PROBLEM DETAILS => Would you copy the full listing that follows without changing a thing?

GIVEN ENTRIES =>
(* Let $X$ be a topological space. The idempotents of $N(X)$ are precisely the characteristic functions $\chi_U$ with $U$ a regular open subset of $X$, and $U\mapsto\chi_U$ is a boolean isomorphism from the boolean algebra ${\sf RO}(X)$ of regular open subsets of $X$ onto the boolean algebra of idempotents of $N(X)$.
   Context: $B(X)$ is the set of bounded real-valued functions on $X$. For $f\in B(X)$ and $x\in X$, with $\mathcal N_x$ the set of open neighborhoods of $x$: $f_*(x)=\sup\{\inf f[U]\mid U\in\mathcal N_x\}$, $f^*(x)=\inf\{\sup f[U]\mid U\in\mathcal N_x\}$, and $f^\#=(f^* )_*$. $f$ is normal if $f=f^\#$, and $N(X)=\{f\in B(X)\mid f=f^\#\}$. $N(X)$ is a Dedekind complete bounded archimedean $\ell$-algebra whose operations (addition, multiplication, scalar multiplication, binary joins and meets) are the normalizations $(\cdot)^\#$ of the corresponding pointwise operations; in particular positive scalar multiplication and meets are pointwise. The idempotents of a commutative ring form a boolean algebra with $e\wedge f=ef$, $e\vee f=e+f-ef$, $\lnot e=1-e$. A set $U$ is regular open if $U={\sf int}\,{\sf cl}(U)$. *)

theory Defs
  imports "HOL-Analysis.Analysis"
begin

text \<open>The space X is the (arbitrary) topological space given by the type 'a.\<close>

definition bdd_fun :: "('a \<Rightarrow> real) \<Rightarrow> bool" where
  "bdd_fun f \<longleftrightarrow> (\<exists>M. \<forall>x. \<bar>f x\<bar> \<le> M)"

definition lower_fn :: "('a::topological_space \<Rightarrow> real) \<Rightarrow> 'a \<Rightarrow> real" where
  "lower_fn f x = (SUP U \<in> {U. open U \<and> x \<in> U}. INF y \<in> U. f y)"

definition upper_fn :: "('a::topological_space \<Rightarrow> real) \<Rightarrow> 'a \<Rightarrow> real" where
  "upper_fn f x = (INF U \<in> {U. open U \<and> x \<in> U}. SUP y \<in> U. f y)"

REPLY =>
(* Let $X$ be a topological space. The idempotents of $N(X)$ are precisely the characteristic functions $\chi_U$ with $U$ a regular open subset of $X$, and $U\mapsto\chi_U$ is a boolean isomorphism from the boolean algebra ${\sf RO}(X)$ of regular open subsets of $X$ onto the boolean algebra of idempotents of $N(X)$.
   Context: $B(X)$ is the set of bounded real-valued functions on $X$. For $f\in B(X)$ and $x\in X$, with $\mathcal N_x$ the set of open neighborhoods of $x$: $f_*(x)=\sup\{\inf f[U]\mid U\in\mathcal N_x\}$, $f^*(x)=\inf\{\sup f[U]\mid U\in\mathcal N_x\}$, and $f^\#=(f^* )_*$. $f$ is normal if $f=f^\#$, and $N(X)=\{f\in B(X)\mid f=f^\#\}$. $N(X)$ is a Dedekind complete bounded archimedean $\ell$-algebra whose operations (addition, multiplication, scalar multiplication, binary joins and meets) are the normalizations $(\cdot)^\#$ of the corresponding pointwise operations; in particular positive scalar multiplication and meets are pointwise. The idempotents of a commutative ring form a boolean algebra with $e\wedge f=ef$, $e\vee f=e+f-ef$, $\lnot e=1-e$. A set $U$ is regular open if $U={\sf int}\,{\sf cl}(U)$. *)

theory Defs
  imports "HOL-Analysis.Analysis"
begin

text \<open>The space X is the (arbitrary) topological space given by the type 'a.\<close>

definition bdd_fun :: "('a \<Rightarrow> real) \<Rightarrow> bool" where
  "bdd_fun f \<longleftrightarrow> (\<exists>M. \<forall>x. \<bar>f x\<bar> \<le> M)"

definition lower_fn :: "('a::topological_space \<Rightarrow> real) \<Rightarrow> 'a \<Rightarrow> real" where
  "lower_fn f x = (SUP U \<in> {U. open U \<and> x \<in> U}. INF y \<in> U. f y)"

definition upper_fn :: "('a::topological_space \<Rightarrow> real) \<Rightarrow> 'a \<Rightarrow> real" where
  "upper_fn f x = (INF U \<in> {U. open U \<and> x \<in> U}. SUP y \<in> U. f y)"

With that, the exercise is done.